For each line in the data below that has the word "block", copy that line.

▶ [Task input]
────────────────
lemma circW_zword:
  "circW circ id a (zword (z # zs)) = zword (circZ circ (Poly_Mapping.single a 1) z # zs)"
proof -
  have "circW circ id a (zword (z # zs)) = linext (\<lambda>c. circW circ id a (prepend c (zword zs))) z"
    by (simp add: zword_Cons_linext pm_linear_linext_push[OF pm_linear_circW] del: zword.simps(2))
  also have "\<dots> = zword (circZ circ (Poly_Mapping.single a 1) z # zs)"
    by (simp add: circW_prepend zword_Cons_linext circZ_single_left linext_linext
        del: zword.simps(2))
  finally show ?thesis .
qed

lemma zprod_Cons: "bs \<noteq> [] \<Longrightarrow> zprod circ (a # bs) = circZ circ (Poly_Mapping.single a 1) (zprod circ bs)"
  by (cases bs) auto


section \<open>The sets \<open>R\<^sub>n\<close> and the contractions \<open>Con\<^sub>r\<close>\<close>

text \<open>A sequence \<open>r \<in> R\<^sub>n\<close> describes a decomposition of a word of length \<open>n\<close> into consecutive
  nonempty blocks. For a word \<open>a w\<close>, the new letter \<open>a\<close> either forms a block of its own
  (\<open>split_first\<close>, which keeps \<open>\<sigma>\<close>) or is added to the first block (\<open>join_first\<close>, which
  raises \<open>\<sigma>\<close> by one).\<close>
definition split_first :: "nat list \<Rightarrow> nat list" where
  "split_first r = 0 # map Suc r"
────────────────
▶ [Finished task]
  nonempty blocks. For a word \<open>a w\<close>, the new letter \<open>a\<close> either forms a block of its own
  (\<open>split_first\<close>, which keeps \<open>\<sigma>\<close>) or is added to the first block (\<open>join_first\<close>, which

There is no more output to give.